Zusammen mit dem Handbüchlein der Morals des Epiktet (den Marc Aurel einige Male zitiert) hat der vorliegende Text unser Bild der Stoa als einer ethisch-moralischen Lehre der Selbstoptimierung entscheidend geprägt. Allerdings: Jenseits seines Rufs, von einem Philosophen auf dem Kaiserthron geschrieben zu sein, finde ich, offen gesagt, wenig, das den bis heute andauernden Nachruhm der Wege zu sich selbst (oder auch Selbstbetrachtungen, was aber nicht ganz dem Inhalt entspricht) rechtfertigen würde.


Gelesen in folgender Version:

Marc Aurel: Wege zu sich selbst.
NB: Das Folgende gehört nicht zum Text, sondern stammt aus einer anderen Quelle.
(* Fix $\theta\in(\theta^-,\theta^+)$, $\boldsymbol{\kappa}=(\kappa_1,\dots,\kappa_4)\in\mathbb{R}^4$, $\delta\theta_{\mathbf{u}_0},\delta\theta_{\mathbf{v}_0}\in\mathbb{R}$ and $\boldsymbol{\omega}_{\mathbf{u}_0},\boldsymbol{\omega}_{\mathbf{v}_0}\in\mathbb{R}^3$. As $\ell\to0$ (all these parameters fixed), $$\mathbf{t}^{(\ell)}_{1,-,\mathbf{v}_0}-\mathbf{t}^{(\ell)}_{1,+},\quad\mathbf{t}^{(\ell)}_{3,-,\mathbf{v}_0}-\mathbf{t}^{(\ell)}_{3,+},\quad\mathbf{t}^{(\ell)}_{2,-,\mathbf{u}_0}-\mathbf{t}^{(\ell)}_{2,+},\quad\mathbf{t}^{(\ell)}_{4,-,\mathbf{u}_0}-\mathbf{t}^{(\ell)}_{4,+}$$ are all $O(\ell^2)$ if and only if (a) $\boldsymbol{\omega}_{\mathbf{u}_0}\times\mathbf{v}(\theta)+\delta\theta_{\mathbf{u}_0}\mathbf{v}'(\theta)=\boldsymbol{\omega}_{\mathbf{v}_0}\times\mathbf{u}(\theta)+\delta\theta_{\mathbf{v}_0}\mathbf{u}'(\theta)$ and $\boldsymbol{\omega}_{\mathbf{u}_0}\cdot\mathbf{v}'(\theta)=\boldsymbol{\omega}_{\mathbf{v}_0}\cdot\mathbf{u}'(\theta)$; and (b) $\boldsymbol{\kappa}=\mathbf{B}(\theta)(\boldsymbol{\omega}_{\mathbf{u}_0},\delta\theta_{\mathbf{u}_0},\boldsymbol{\omega}_{\mathbf{v}_0},\delta\theta_{\mathbf{v}_0})$, i.e. $\kappa_1=\frac{(\mathbf{t}_2\times\mathbf{t}_3)\cdot\boldsymbol{\omega}_{\mathbf{u}_0}+(\mathbf{t}_3\cdot\mathbf{t}_2')\delta\theta_{\mathbf{u}_0}}{V_{123}}$, $\kappa_2=\frac{(\mathbf{t}_3\times\mathbf{t}_4)\cdot\boldsymbol{\omega}_{\mathbf{v}_0}+(\mathbf{t}_3'\cdot\mathbf{t}_4)\delta\theta_{\mathbf{v}_0}}{V_{234}}$, $\kappa_3=\frac{(\mathbf{t}_4\times\mathbf{t}_1)\cdot\boldsymbol{\omega}_{\mathbf{u}_0}+(\mathbf{t}_1\cdot\mathbf{t}_4')\delta\theta_{\mathbf{u}_0}}{V_{314}}$, $\kappa_4=\frac{(\mathbf{t}_1\times\mathbf{t}_2)\cdot\boldsymbol{\omega}_{\mathbf{v}_0}+(\mathbf{t}_1'\cdot\mathbf{t}_2)\delta\theta_{\mathbf{v}_0}}{V_{421}}$ (all $\mathbf{t}_i$ evaluated at $\theta$). Moreover, condition (a) holds if and only if there are $k,\tau\in\mathbb{R}$ with $\boldsymbol{\omega}_{\mathbf{u}_0}=\tau\mathbf{u}(\theta)+k(\mathbf{u}'\cdot\mathbf{u})\mathbf{v}(\theta)+\frac{\delta\theta_{\mathbf{u}_0}\mathbf{v}'\cdot\mathbf{u}-\delta\theta_{\mathbf{v}_0}\mathbf{u}'\cdot\mathbf{u}}{\mathbf{e}_3\cdot(\mathbf{u}\times\mathbf{v})}\mathbf{e}_3$ and $\boldsymbol{\omega}_{\mathbf{v}_0}=k(\mathbf{v}'\cdot\mathbf{v})\mathbf{u}(\theta)-\tau\mathbf{v}(\theta)+\frac{\delta\theta_{\mathbf{u}_0}\mathbf{v}'\cdot\mathbf{v}-\delta\theta_{\mathbf{v}_0}\mathbf{u}'\cdot\mathbf{v}}{\mathbf{e}_3\cdot(\mathbf{u}\times\mathbf{v})}\mathbf{e}_3$ (with $\mathbf{u},\mathbf{v},\mathbf{u}',\mathbf{v}'$ evaluated at $\theta$).
   Context: Design: $\mathbf{t}_1^r,\dots,\mathbf{t}_4^r\in\mathbb{R}^3$ with $\mathbf{t}_i^r\cdot(\mathbf{t}_j^r\times\mathbf{t}_k^r)\neq0$ for $ijk\in\{123,234,341,412\}$, non-self-intersecting, with $\mathbf{u}_0:=\mathbf{t}_1^r-\mathbf{t}_3^r$, $\mathbf{v}_0:=\mathbf{t}_2^r-\mathbf{t}_4^r$ orthogonal to $\mathbf{e}_3$, $\mathbf{e}_3\cdot(\mathbf{u}_0\times\mathbf{v}_0)>0$. $\mathbf{t}_i:(\theta^-,\theta^+)\to\mathbb{R}^3$ is the analytic mechanism parameterization of the cell (rigid folding preserving crease lengths, adjacent-crease angles and the signs of the triple products $\mathbf{t}_i\cdot(\mathbf{t}_j\times\mathbf{t}_k)$, $ijk\in\{123,234,341,412\}$, with $\mathbf{t}_i(0)=\mathbf{t}_i^r$, $\theta$ the change of dihedral angle at the $\mathbf{t}_4$ crease, normalized so that $\mathbf{u}(\theta):=\mathbf{t}_1(\theta)-\mathbf{t}_3(\theta)$ and $\mathbf{v}(\theta):=\mathbf{t}_2(\theta)-\mathbf{t}_4(\theta)$ are orthogonal to $\mathbf{e}_3$ with $\mathbf{e}_3\cdot(\mathbf{u}\times\mathbf{v})>0$); in particular $\mathbf{u}'\cdot\mathbf{u}$ and $\mathbf{v}'\cdot\mathbf{v}$ never vanish and $V_{ijk}(\theta):=\mathbf{t}_i(\theta)\cdot(\mathbf{t}_j(\theta)\times\mathbf{t}_k(\theta))\neq0$ for distinct $i,j,k$. Primes are $d/d\theta$; $(\mathbf{a}\times)\mathbf{b}:=\mathbf{a}\times\mathbf{b}$. Bent boundary tangents (arguments $(\theta,\boldsymbol{\kappa})$ suppressed on the right): $\mathbf{t}^{(\ell)}_{1,-}=\mathbf{t}_1+\ell\kappa_4(\mathbf{t}_4\times\mathbf{t}_1)$, $\mathbf{t}^{(\ell)}_{1,+}=\mathbf{t}_1+\ell\kappa_1(\mathbf{t}_1\times\mathbf{t}_2)$, $\mathbf{t}^{(\ell)}_{2,-}=\mathbf{t}_2+\ell\kappa_2(\mathbf{t}_2\times\mathbf{t}_3)$, $\mathbf{t}^{(\ell)}_{2,+}=\mathbf{t}_2+\ell\kappa_1(\mathbf{t}_1\times\mathbf{t}_2)$, $\mathbf{t}^{(\ell)}_{3,-}=\mathbf{t}_3+\ell\kappa_3(\mathbf{t}_3\times\mathbf{t}_4)$, $\mathbf{t}^{(\ell)}_{3,+}=\mathbf{t}_3+\ell\kappa_2(\mathbf{t}_2\times\mathbf{t}_3)$, $\mathbf{t}^{(\ell)}_{4,-}=\mathbf{t}_4+\ell\kappa_3(\mathbf{t}_3\times\mathbf{t}_4)$, $\mathbf{t}^{(\ell)}_{4,+}=\mathbf{t}_4+\ell\kappa_4(\mathbf{t}_4\times\mathbf{t}_1)$, with $\mathbf{t}_i=\mathbf{t}_i(\theta)$. Neighbor tangents: $\mathbf{t}^{(\ell)}_{i,\pm,\mathbf{v}_0}:=(\mathbf{I}+\ell(\boldsymbol{\omega}_{\mathbf{v}_0}\times))\mathbf{t}^{(\ell)}_{i,\pm}(\theta+\ell\delta\theta_{\mathbf{v}_0},\boldsymbol{\kappa})$ and $\mathbf{t}^{(\ell)}_{i,\pm,\mathbf{u}_0}:=(\mathbf{I}+\ell(\boldsymbol{\omega}_{\mathbf{u}_0}\times))\mathbf{t}^{(\ell)}_{i,\pm}(\theta+\ell\delta\theta_{\mathbf{u}_0},\boldsymbol{\kappa})$; the unsubscripted $\mathbf{t}^{(\ell)}_{i,+}$ means $\mathbf{t}^{(\ell)}_{i,+}(\theta,\boldsymbol{\kappa})$. *)

theory Defs
  imports "HOL-Analysis.Analysis" "HOL-Library.Landau_Symbols"
begin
Herausgegeben und übertragen von Willy Theiler. Zürich: Artemis, 1984.

1 Reply to “Marc Aurel: Wege zu sich selbst”

  1. Gewiss, viel edelmütige Gesinnung, um so beachtlicher bei einem Herrscher, aber noch mehr die übliche stoische Litanei, wonach so ziemlich alles, was einem an Misslichem geschehen kann, „kein Übel“ wäre, wie üblich mit durchsichtigen Sophismen nicht begründet, sondern nur behauptet. Übrigens hätte der Kaiser, wie einige andere zu einem vagen Monotheismus tendierende Paganen, sich irgendwann entschließen sollen, ob er „die Götter“ oder „Gott“ für die weise Weltordnung loben wollte. Dieses unentschiedene Hin und Her nervt.